▶ What to work on
Transcribe, verbatim, every line from the start of the entries through the line that contains "unfolding sublattice0_def is_sup_def"; include both boundary lines and omit all others.

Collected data

lemma sublattice0D:
  assumes "sublattice0 le L z B"
  shows "B \<subseteq> L" "z \<in> B"
    "x \<in> B \<Longrightarrow> y \<in> B \<Longrightarrow> is_sup le L {x, y} s \<Longrightarrow> s \<in> B"
    "x \<in> B \<Longrightarrow> y \<in> B \<Longrightarrow> is_inf le L {x, y} s \<Longrightarrow> s \<in> B"
  using assms unfolding sublattice0_def by blast+

lemma sublattice0_refl: "is_lattice0 le L z \<Longrightarrow> sublattice0 le L z L"
  unfolding sublattice0_def is_sup_def is_inf_def by (simp add: lattice0_zero(1))

lemma sublattice0_sup_iff:
  assumes L: "is_lattice0 le L z" and T: "sublattice0 le L z T" and x: "x \<in> T" and y: "y \<in> T"
  shows "is_sup le T {x, y} s \<longleftrightarrow> is_sup le L {x, y} s"
proof
  obtain t where t: "is_sup le L {x, y} t"
    using lattice0_sup_ex[OF L] x y sublattice0D(1)[OF T] by blast
  have "is_sup le T {x, y} t"
    using is_sup_subset[OF t sublattice0D(3)[OF T x y t] sublattice0D(1)[OF T]] .
  moreover assume "is_sup le T {x, y} s"
  moreover have "partial_order_on_set le T"
    using po_subset[OF lattice0_po[OF L] sublattice0D(1)[OF T]] .
  ultimately show "is_sup le L {x, y} s" using t is_sup_unique by metis
next
  assume s: "is_sup le L {x, y} s"
  show "is_sup le T {x, y} s"
    using is_sup_subset[OF s sublattice0D(3)[OF T x y s] sublattice0D(1)[OF T]] .
qed

lemma sublattice0_inf_iff:
  assumes L: "is_lattice0 le L z" and T: "sublattice0 le L z T" and x: "x \<in> T" and y: "y \<in> T"
  shows "is_inf le T {x, y} s \<longleftrightarrow> is_inf le L {x, y} s"
proof
  obtain t where t: "is_inf le L {x, y} t"
    using lattice0_inf_ex[OF L] x y sublattice0D(1)[OF T] by blast
  have "is_inf le T {x, y} t"
    using is_inf_subset[OF t sublattice0D(4)[OF T x y t] sublattice0D(1)[OF T]] .
  moreover assume "is_inf le T {x, y} s"
  moreover have "partial_order_on_set le T"
    using po_subset[OF lattice0_po[OF L] sublattice0D(1)[OF T]] .
  ultimately show "is_inf le L {x, y} s" using t is_inf_unique by metis
next
  assume s: "is_inf le L {x, y} s"
  show "is_inf le T {x, y} s"
    using is_inf_subset[OF s sublattice0D(4)[OF T x y s] sublattice0D(1)[OF T]] .
qed

lemma sublattice0_lattice0:
  assumes L: "is_lattice0 le L z" and T: "sublattice0 le L z T"
  shows "is_lattice0 le T z"
proof (rule lattice0I)
  note TL = sublattice0D(1)[OF T]
  show "partial_order_on_set le T" using po_subset[OF lattice0_po[OF L] TL] .
  show "z \<in> T" using sublattice0D(2)[OF T] .
  show "le z x" if "x \<in> T" for x using lattice0_zero(2)[OF L subsetD[OF TL that]] .
  show "\<exists>s. is_sup le T {x, y} s" if xy: "x \<in> T" "y \<in> T" for x y
  proof -
    obtain s where "is_sup le L {x, y} s" using lattice0_sup_ex[OF L] xy TL by blast
    then show ?thesis unfolding sublattice0_sup_iff[OF L T xy] ..
  qed
  show "\<exists>m. is_inf le T {x, y} m" if xy: "x \<in> T" "y \<in> T" for x y
  proof -
    obtain m where "is_inf le L {x, y} m" using lattice0_inf_ex[OF L] xy TL by blast
    then show ?thesis unfolding sublattice0_inf_iff[OF L T xy] ..
  qed
qed

lemma lattice_hom0_into_sublattice0_iff:
  assumes L: "is_lattice0 le L z" and T: "sublattice0 le L z T" and fK: "f ` K \<subseteq> T"
  shows "lattice_hom0 leK K zK le T z f \<longleftrightarrow> lattice_hom0 leK K zK le L z f"
proof -
  have fKL: "f ` K \<subseteq> L" using fK sublattice0D(1)[OF T] by blast
  have sup_eq: "is_sup le T {f x, f y} (f s) \<longleftrightarrow> is_sup le L {f x, f y} (f s)"
    and inf_eq: "is_inf le T {f x, f y} (f s) \<longleftrightarrow> is_inf le L {f x, f y} (f s)"
    if "x \<in> K" "y \<in> K" for x y s
  proof -
    have fxy: "f x \<in> T" "f y \<in> T" using fK that by auto
    show "is_sup le T {f x, f y} (f s) \<longleftrightarrow> is_sup le L {f x, f y} (f s)"
      and "is_inf le T {f x, f y} (f s) \<longleftrightarrow> is_inf le L {f x, f y} (f s)"
      using sublattice0_sup_iff[OF L T fxy] sublattice0_inf_iff[OF L T fxy] .
  qed
  show ?thesis
    unfolding lattice_hom0_def lattice_hom_def using fK fKL by (simp add: sup_eq inf_eq cong: ball_cong)
qed

lemma lattice_hom0_inclusion:
  assumes L: "is_lattice0 le L z" and B: "sublattice0 le L z B"
  shows "lattice_hom0 le B z le L z id"
proof -
  have "lattice_hom0 le B z le B z id"
    using sublattice0D(2)[OF B] unfolding lattice_hom0_def lattice_hom_def by simp
  then show ?thesis using lattice_hom0_into_sublattice0_iff[OF L B, of id] by simp
qed

section \<open>Transport along an injection\<close>

text \<open>The universal property in \<open>is_coproduct0\<close> only quantifies over test lattices carried
  by subsets of \<open>('a + bool) list\<close>; a test lattice on another type is transported there along an
  injection.\<close>

definition image_order :: "('b \<Rightarrow> 'c) \<Rightarrow> 'b set \<Rightarrow> ('b \<Rightarrow> 'b \<Rightarrow> bool) \<Rightarrow> 'c \<Rightarrow> 'c \<Rightarrow> bool" where
  "image_order e A le u v \<longleftrightarrow> le (the_inv_into A e u) (the_inv_into A e v)"

lemma image_order_image:
  "inj_on e A \<Longrightarrow> x \<in> A \<Longrightarrow> y \<in> A \<Longrightarrow> image_order e A le (e x) (e y) \<longleftrightarrow> le x y"
  by (simp add: image_order_def the_inv_into_f_f)

lemma is_sup_image_order:
  assumes e: "inj_on e A" and X: "X \<subseteq> A" and s: "s \<in> A"
  shows "is_sup (image_order e A le) (e ` A) (e ` X) (e s) \<longleftrightarrow> is_sup le A X s"
  using s subsetD[OF X] unfolding is_sup_def by (auto simp: image_order_image[OF e])

lemma is_inf_image_order:
  assumes e: "inj_on e A" and X: "X \<subseteq> A" and s: "s \<in> A"
  shows "is_inf (image_order e A le) (e ` A) (e ` X) (e s) \<longleftrightarrow> is_inf le A X s"
  using s subsetD[OF X] unfolding is_inf_def by (auto simp: image_order_image[OF e])

lemma lattice0_image_order:
  assumes e: "inj_on e A" and A: "is_lattice0 le A z"
  shows "is_lattice0 (image_order e A le) (e ` A) (e z)"
proof (rule lattice0I)
  have po: "partial_order_on_set le A" using lattice0_po[OF A] .
  show "partial_order_on_set (image_order e A le) (e ` A)"
    unfolding partial_order_on_set_def
  proof (intro conjI ballI impI)
    fix u assume "u \<in> e ` A"
    then obtain a where "a \<in> A" "u = e a" by blast
    then show "image_order e A le u u" using po_refl[OF po, of a] image_order_image[OF e] by simp
  next
    fix u v assume uv: "u \<in> e ` A" "v \<in> e ` A" "image_order e A le u v \<and> image_order e A le v u"
    then obtain a b where "a \<in> A" "b \<in> A" "u = e a" "v = e b" by blast
    then show "u = v" using po_antisym[OF po, of a b] uv(3) image_order_image[OF e] by simp
  next
    fix u v w assume uvw: "u \<in> e ` A" "v \<in> e ` A" "w \<in> e ` A"
      "image_order e A le u v \<and> image_order e A le v w"
    then obtain a b c where "a \<in> A" "b \<in> A" "c \<in> A" "u = e a" "v = e b" "w = e c" by blast
    then show "image_order e A le u w"
      using po_trans[OF po, of a b c] uvw(4) image_order_image[OF e] by simp
  qed
  show "e z \<in> e ` A" using lattice0_zero(1)[OF A] by blast
  show "image_order e A le (e z) u" if "u \<in> e ` A" for u
    using that lattice0_zero[OF A] image_order_image[OF e] by blast
  show "\<exists>s. is_sup (image_order e A le) (e ` A) {u, v} s" if uv: "u \<in> e ` A" "v \<in> e ` A" for u v
  proof -
    obtain a b where ab: "a \<in> A" "b \<in> A" "u = e a" "v = e b" using uv by blast
    obtain s where s: "is_sup le A {a, b} s" using lattice0_sup_ex[OF A ab(1,2)] by blast
    then have "s \<in> A" unfolding is_sup_def by blast
    with s have "is_sup (image_order e A le) (e ` A) (e ` {a, b}) (e s)"
      using is_sup_image_order[OF e, of "{a, b}" s] ab by simp
    then show ?thesis using ab by auto
  qed
  show "\<exists>m. is_inf (image_order e A le) (e ` A) {u, v} m" if uv: "u \<in> e ` A" "v \<in> e ` A" for u v
  proof -
    obtain a b where ab: "a \<in> A" "b \<in> A" "u = e a" "v = e b" using uv by blast
    obtain m where m: "is_inf le A {a, b} m" using lattice0_inf_ex[OF A ab(1,2)] by blast
    then have "m \<in> A" unfolding is_inf_def by blast
    with m have "is_inf (image_order e A le) (e ` A) (e ` {a, b}) (e m)"
      using is_inf_image_order[OF e, of "{a, b}" m] ab by simp
    then show ?thesis using ab by auto
  qed
qed

lemma lattice_hom0_image_order_iff:
  assumes e: "inj_on e A" and g: "g ` K \<subseteq> A" and zK: "zK \<in> K" and zA: "zA \<in> A"
  shows "lattice_hom0 leK K zK (image_order e A leA) (e ` A) (e zA) (e \<circ> g)
     \<longleftrightarrow> lattice_hom0 leK K zK leA A zA g"
proof -
  have sup_eq: "is_sup (image_order e A leA) (e ` A) {e (g x), e (g y)} (e (g s))
      \<longleftrightarrow> is_sup leA A {g x, g y} (g s)"
    if "x \<in> K" "y \<in> K" "is_sup leK K {x, y} s" for x y s
  proof -
    have "s \<in> K" using that(3) unfolding is_sup_def by blast
    then show ?thesis using is_sup_image_order[OF e, of "{g x, g y}" "g s"] g that(1,2) by auto
  qed
  have inf_eq: "is_inf (image_order e A leA) (e ` A) {e (g x), e (g y)} (e (g s))
      \<longleftrightarrow> is_inf leA A {g x, g y} (g s)"
    if "x \<in> K" "y \<in> K" "is_inf leK K {x, y} s" for x y s
  proof -
    have "s \<in> K" using that(3) unfolding is_inf_def by blast
    then show ?thesis using is_inf_image_order[OF e, of "{g x, g y}" "g s"] g that(1,2) by auto
  qed
  have zero_eq: "e (g zK) = e zA \<longleftrightarrow> g zK = zA"
    using inj_on_eq_iff[OF e] g zK zA by blast
  have "(e \<circ> g) ` K \<subseteq> e ` A" using g by auto
  then show ?thesis
    unfolding lattice_hom0_def lattice_hom_def comp_apply zero_eq
    using g by (simp add: sup_eq inf_eq cong: imp_cong)
qed

section \<open>Coproducts\<close>

lemma is_coproduct0D:
  assumes "is_coproduct0 le L z I Ls"
  shows "is_lattice0 le L z" "j \<in> I \<Longrightarrow> sublattice0 le L z (Ls j)"
  using assms unfolding is_coproduct0_def by blast+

▶ Answer space
lemma sublattice0D:
  assumes "sublattice0 le L z B"
  shows "B \<subseteq> L" "z \<in> B"
    "x \<in> B \<Longrightarrow> y \<in> B \<Longrightarrow> is_sup le L {x, y} s \<Longrightarrow> s \<in> B"
    "x \<in> B \<Longrightarrow> y \<in> B \<Longrightarrow> is_inf le L {x, y} s \<Longrightarrow> s \<in> B"
  using assms unfolding sublattice0_def by blast+

lemma sublattice0_refl: "is_lattice0 le L z \<Longrightarrow> sublattice0 le L z L"
  unfolding sublattice0_def is_sup_def is_inf_def by (simp add: lattice0_zero(1))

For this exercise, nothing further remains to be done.